MV-TAP: Tracking Any Point in Multi-View Videos
Jahyeok Koo, Inès Hyeonsu Kim, Mungyeom Kim, Junghyun Park, Seohyun Park, Jaeyeong Kim, Jung Yi, Seokju Cho, Seungryong Kim
TL;DR
MV-TAP introduces a cross-view attentive framework for tracking points across synchronized multi-view videos by leveraging camera geometry and local 4D correlations. It encodes view geometry with Plücker coordinates, processes tokens through a multi-view spatio-temporal transformer with temporal, spatial, and view attention, and iteratively refines trajectories and occlusion states.

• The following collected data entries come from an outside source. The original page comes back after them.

(* Let $\tau$ be an LOSR-free transformation which takes bipartite resources of one type to bipartite resources of another type, in one of the following three cases: (1) from type $\mathsf{CC}\to\mathsf{CC}$ (boxes) to type $\mathsf{II}\to\mathsf{QQ}$ (states); (2) from type $\mathsf{CC}\to\mathsf{CC}$ (boxes) to type $\mathsf{CI}\to\mathsf{CQ}$ (steering assemblages); (3) from type $\mathsf{CI}\to\mathsf{CQ}$ (steering assemblages) to type $\mathsf{II}\to\mathsf{QQ}$ (states). Then for every resource $R$ of the initial type (of any dimensions), the resource $\tau[R]$ is LOSR-free.
   Context: A system has a dimension and a type in $\{\mathsf{I},\mathsf{C},\mathsf{Q}\}$ (trivial, i.e. dimension 1; classical; quantum). A bipartite resource with Alice's input/output $\mathcal{X},\mathcal{A}$ and Bob's input/output $\mathcal{Y},\mathcal{B}$ is a completely positive linear map $R$ from operators on $\mathcal{X}\otimes\mathcal{Y}$ to operators on $\mathcal{A}\otimes\mathcal{B}$ with $\mathrm{tr}R[\xi\otimes\psi]=1$ for all density matrices $\xi,\psi$, nonsignaling in both directions ($\mathrm{tr}_{\mathcal{A}}R[\xi\otimes\psi]$ independent of $\xi$, $\mathrm{tr}_{\mathcal{B}}R[\xi\otimes\psi]$ independent of $\psi$), and satisfying classicality constraints: for a classical output $\mathcal{A}$, $\langle i|R[\xi\otimes\psi]|j\rangle_{\mathcal{A}}=0$ for $i\neq j$; for a classical input $\mathcal{X}$, $R[|i\rangle\langle j|\otimes\psi]=0$ for $i\ne j$ (analogously for Bob). Its type is $\mathsf{T}[\mathcal{X}]\mathsf{T}[\mathcal{Y}]\to\mathsf{T}[\mathcal{A}]\mathsf{T}[\mathcal{B}]$. A resource is LOSR-free if it equals $\sum_i p_i R^i_{\mathcal{A}|\mathcal{X}}\otimes R^i_{\mathcal{B}|\mathcal{Y}}$ for a probability distribution $(p_i)$ and single-party channels (CPTP maps respecting the classicality of their input/output). An LOSR-free transformation from resources with systems $\mathcal{X}\mathcal{Y}\to\mathcal{A}\mathcal{B}$ to resources with systems $\mathcal{X}'\mathcal{Y}'\to\mathcal{A}'\mathcal{B}'$ is a map of the form $\tau[R]=\sum_\lambda p_\lambda\,(\mathcal{E}^\lambda_{\mathcal{A}}\otimes\mathcal{E}^\lambda_{\mathcal{B}})\circ(R\otimes\mathrm{id}_{\mathcal{M}_A\mathcal{M}_B})\circ(\mathcal{P}^\lambda_{\mathcal{A}}\otimes\mathcal{P}^\lambda_{\mathcal{B}})$, i.e. a convex mixture of products of local supermaps, where $\mathcal{P}^\lambda_{\mathcal{A}}$ is a channel from $\mathcal{X}'$ to $\mathcal{X}\otimes\mathcal{M}_A$, $\mathcal{E}^\lambda_{\mathcal{A}}$ is a channel from $\mathcal{A}\otimes\mathcal{M}_A$ to $\mathcal{A}'$ (with local memory $\mathcal{M}_A$), similarly for Bob, such that $\tau$ maps resources of the initial type to resources of the target type. *)

theory Defs
  imports Complex_Main
begin

text \<open>System types: trivial, classical, quantum.\<close>
datatype systype = TI | TC | TQ

definition valid_sys :: "nat \<Rightarrow> systype \<Rightarrow> bool" where
  "valid_sys d t \<longleftrightarrow> d \<ge> 1 \<and> (t = TI \<longrightarrow> d = 1)"

text \<open>Operators on the space spanned by the basis indexed by a finite set S are
  represented by their matrix entries (only entries indexed by S matter).
  A linear map from operators on S to operators on T is represented by its
  coefficients K i i' j j' = entry (j,j') of the image of |i><i'|.\<close>
type_synonym 'i op = "'i \<Rightarrow> 'i \<Rightarrow> complex"
type_synonym ('i,'j) kern = "'i \<Rightarrow> 'i \<Rightarrow> 'j \<Rightarrow> 'j \<Rightarrow> complex"

definition kapply :: "('i,'j) kern \<Rightarrow> 'i set \<Rightarrow> 'i op \<Rightarrow> 'j op" where
  "kapply K S \<rho> = (\<lambda>j j'. \<Sum>i\<in>S. \<Sum>i'\<in>S. K i i' j j' * \<rho> i i')"

definition ktensor :: "('i,'j) kern \<Rightarrow> ('k,'l) kern \<Rightarrow> ('i \<times> 'k, 'j \<times> 'l) kern" where
  "ktensor K L = (\<lambda>(x,y) (x',y') (a,b) (a',b'). K x x' a a' * L y y' b b')"

definition kid :: "('i,'i) kern" where
  "kid = (\<lambda>i i' j j'. if i = j \<and> i' = j' then 1 else 0)"

definition kcomp :: "('i,'j) kern \<Rightarrow> 'j set \<Rightarrow> ('j,'k) kern \<Rightarrow> ('i,'k) kern" where
  "kcomp K1 S2 K2 = (\<lambda>i i' k k'. \<Sum>j\<in>S2. \<Sum>j'\<in>S2. K1 i i' j j' * K2 j j' k k')"

definition kperm :: "('i \<Rightarrow> 'j) \<Rightarrow> ('i,'j) kern" where
  "kperm \<sigma> = (\<lambda>i i' j j'. if j = \<sigma> i \<and> j' = \<sigma> i' then 1 else 0)"

definition optensor :: "'i op \<Rightarrow> 'k op \<Rightarrow> ('i \<times> 'k) op" where
  "optensor \<xi> \<psi> = (\<lambda>(x,y) (x',y'). \<xi> x x' * \<psi> y y')"

definition ketbra :: "'i \<Rightarrow> 'i \<Rightarrow> 'i op" where
  "ketbra i j = (\<lambda>u v. if u = i \<and> v = j then 1 else 0)"

definition trace :: "'i set \<Rightarrow> 'i op \<Rightarrow> complex" where
  "trace S \<rho> = (\<Sum>i\<in>S. \<rho> i i)"

definition nonneg :: "complex \<Rightarrow> bool" where
  "nonneg z \<longleftrightarrow> Im z = 0 \<and> Re z \<ge> 0"

definition psd :: "'i set \<Rightarrow> 'i op \<Rightarrow> bool" where
  "psd S \<rho> \<longleftrightarrow> (\<forall>v. nonneg (\<Sum>i\<in>S. \<Sum>i'\<in>S. cnj (v i) * \<rho> i i' * v i'))"

definition density :: "'i set \<Rightarrow> 'i op \<Rightarrow> bool" where
  "density S \<rho> \<longleftrightarrow> psd S \<rho> \<and> trace S \<rho> = 1"

definition op_eq_on :: "'i set \<Rightarrow> 'i op \<Rightarrow> 'i op \<Rightarrow> bool" where
  "op_eq_on S \<rho> \<sigma> \<longleftrightarrow> (\<forall>i\<in>S. \<forall>i'\<in>S. \<rho> i i' = \<sigma> i i')"

definition keq :: "'i set \<Rightarrow> 'j set \<Rightarrow> ('i,'j) kern \<Rightarrow> ('i,'j) kern \<Rightarrow> bool" where
  "keq S T K L \<longleftrightarrow> (\<forall>i\<in>S. \<forall>i'\<in>S. \<forall>j\<in>T. \<forall>j'\<in>T. K i i' j j' = L i i' j j')"

definition is_CP :: "'i set \<Rightarrow> 'j set \<Rightarrow> ('i,'j) kern \<Rightarrow> bool" where
  "is_CP S T K \<longleftrightarrow> (\<forall>k::nat. \<forall>\<rho>. psd (S \<times> {..<k}) \<rho> \<longrightarrow>
      psd (T \<times> {..<k}) (kapply (ktensor K kid) (S \<times> {..<k}) \<rho>))"

definition is_CPTP :: "'i set \<Rightarrow> 'j set \<Rightarrow> ('i,'j) kern \<Rightarrow> bool" where
  "is_CPTP S T K \<longleftrightarrow> is_CP S T K \<and> (\<forall>\<rho>. trace T (kapply K S \<rho>) = trace S \<rho>)"

text \<open>Single-party channel respecting the classicality of input and output.\<close>
definition channel :: "nat \<Rightarrow> systype \<Rightarrow> nat \<Rightarrow> systype \<Rightarrow> (nat,nat) kern \<Rightarrow> bool" where
  "channel dX tX dA tA K \<longleftrightarrow>
     valid_sys dX tX \<and> valid_sys dA tA \<and> is_CPTP {..<dX} {..<dA} K \<and>
     (tA = TC \<longrightarrow> (\<forall>\<rho>. density {..<dX} \<rho> \<longrightarrow>
        (\<forall>a\<in>{..<dA}. \<forall>a'\<in>{..<dA}. a \<noteq> a' \<longrightarrow> kapply K {..<dX} \<rho> a a' = 0))) \<and>
     (tX = TC \<longrightarrow> (\<forall>i\<in>{..<dX}. \<forall>j\<in>{..<dX}. i \<noteq> j \<longrightarrow>
        op_eq_on {..<dA} (kapply K {..<dX} (ketbra i j)) (\<lambda>_ _. 0)))"

definition is_resource ::
  "nat \<Rightarrow> systype \<Rightarrow> nat \<Rightarrow> systype \<Rightarrow> nat \<Rightarrow> systype \<Rightarrow> nat \<Rightarrow> systype \<Rightarrow>
   (nat \<times> nat, nat \<times> nat) kern \<Rightarrow> bool" where
  "is_resource dX tX dY tY dA tA dB tB R \<longleftrightarrow>
     (let X = {..<dX}; Y = {..<dY}; A = {..<dA}; B = {..<dB};
          out = (\<lambda>\<rho>. kapply R (X \<times> Y) \<rho>) in
     valid_sys dX tX \<and> valid_sys dY tY \<and> valid_sys dA tA \<and> valid_sys dB tB \<and>
     is_CP (X \<times> Y) (A \<times> B) R \<and>
     (\<forall>\<xi> \<psi>. density X \<xi> \<longrightarrow> density Y \<psi> \<longrightarrow> trace (A \<times> B) (out (optensor \<xi> \<psi>)) = 1) \<and>
     (\<forall>\<xi> \<xi>' \<psi>. density X \<xi> \<longrightarrow> density X \<xi>' \<longrightarrow> density Y \<psi> \<longrightarrow>
        op_eq_on B (\<lambda>b b'. \<Sum>a\<in>A. out (optensor \<xi> \<psi>) (a,b) (a,b'))
                    (\<lambda>b b'. \<Sum>a\<in>A. out (optensor \<xi>' \<psi>) (a,b) (a,b'))) \<and>
     (\<forall>\<xi> \<psi> \<psi>'. density X \<xi> \<longrightarrow> density Y \<psi> \<longrightarrow> density Y \<psi>' \<longrightarrow>
        op_eq_on A (\<lambda>a a'. \<Sum>b\<in>B. out (optensor \<xi> \<psi>) (a,b) (a',b))
                    (\<lambda>a a'. \<Sum>b\<in>B. out (optensor \<xi> \<psi>') (a,b) (a',b))) \<and>
     (tA = TC \<longrightarrow> (\<forall>\<xi> \<psi>. density X \<xi> \<longrightarrow> density Y \<psi> \<longrightarrow>
        (\<forall>a\<in>A. \<forall>a'\<in>A. \<forall>b\<in>B. \<forall>b'\<in>B. a \<noteq> a' \<longrightarrow> out (optensor \<xi> \<psi>) (a,b) (a',b') = 0))) \<and>
     (tB = TC \<longrightarrow> (\<forall>\<xi> \<psi>. density X \<xi> \<longrightarrow> density Y \<psi> \<longrightarrow>
        (\<forall>a\<in>A. \<forall>a'\<in>A. \<forall>b\<in>B. \<forall>b'\<in>B. b \<noteq> b' \<longrightarrow> out (optensor \<xi> \<psi>) (a,b) (a',b') = 0))) \<and>
     (tX = TC \<longrightarrow> (\<forall>i\<in>X. \<forall>j\<in>X. \<forall>\<psi>. i \<noteq> j \<longrightarrow> density Y \<psi> \<longrightarrow>
        op_eq_on (A \<times> B) (out (optensor (ketbra i j) \<psi>)) (\<lambda>_ _. 0))) \<and>
     (tY = TC \<longrightarrow> (\<forall>i\<in>Y. \<forall>j\<in>Y. \<forall>\<xi>. i \<noteq> j \<longrightarrow> density X \<xi> \<longrightarrow>
        op_eq_on (A \<times> B) (out (optensor \<xi> (ketbra i j))) (\<lambda>_ _. 0))))"

definition LOSR_free ::
  "nat \<Rightarrow> systype \<Rightarrow> nat \<Rightarrow> systype \<Rightarrow> nat \<Rightarrow> systype \<Rightarrow> nat \<Rightarrow> systype \<Rightarrow>
   (nat \<times> nat, nat \<times> nat) kern \<Rightarrow> bool" where
  "LOSR_free dX tX dY tY dA tA dB tB R \<longleftrightarrow>
     is_resource dX tX dY tY dA tA dB tB R \<and>
     (\<exists>(I::nat set) (p::nat \<Rightarrow> real) RA RB. finite I \<and> (\<forall>i\<in>I. p i \<ge> 0) \<and> (\<Sum>i\<in>I. p i) = 1 \<and>
        (\<forall>i\<in>I. channel dX tX dA tA (RA i) \<and> channel dY tY dB tB (RB i)) \<and>
        keq ({..<dX} \<times> {..<dY}) ({..<dA} \<times> {..<dB}) R
            (\<lambda>u u' v v'. \<Sum>i\<in>I. complex_of_real (p i) * ktensor (RA i) (RB i) u u' v v'))"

A large synthetic Kubric-based dataset and multi-view Harmony4D evaluation demonstrate that MV-TAP outperforms single-view trackers and depth-reliant baselines, particularly under occlusions. The work defines multi-view point tracking in pixel space and provides a principled baseline with strong generalization for future research in robust multi-view tracking.
Abstract
Multi-view camera systems enable rich observations of complex real-world scenes, and understanding dynamic objects in multi-view settings has become central to various applications. In this work, we present MV-TAP, a novel point tracker that tracks points across multi-view videos of dynamic scenes by leveraging cross-view information. MV-TAP utilizes camera geometry and a cross-view attention mechanism to aggregate spatio-temporal information across views, enabling more complete and reliable trajectory estimation in multi-view videos. To support this task, we construct a large-scale synthetic training dataset and real-world evaluation sets tailored for multi-view tracking. Extensive experiments demonstrate that MV-TAP outperforms existing point-tracking methods on challenging benchmarks, establishing an effective baseline for advancing research in multi-view point tracking.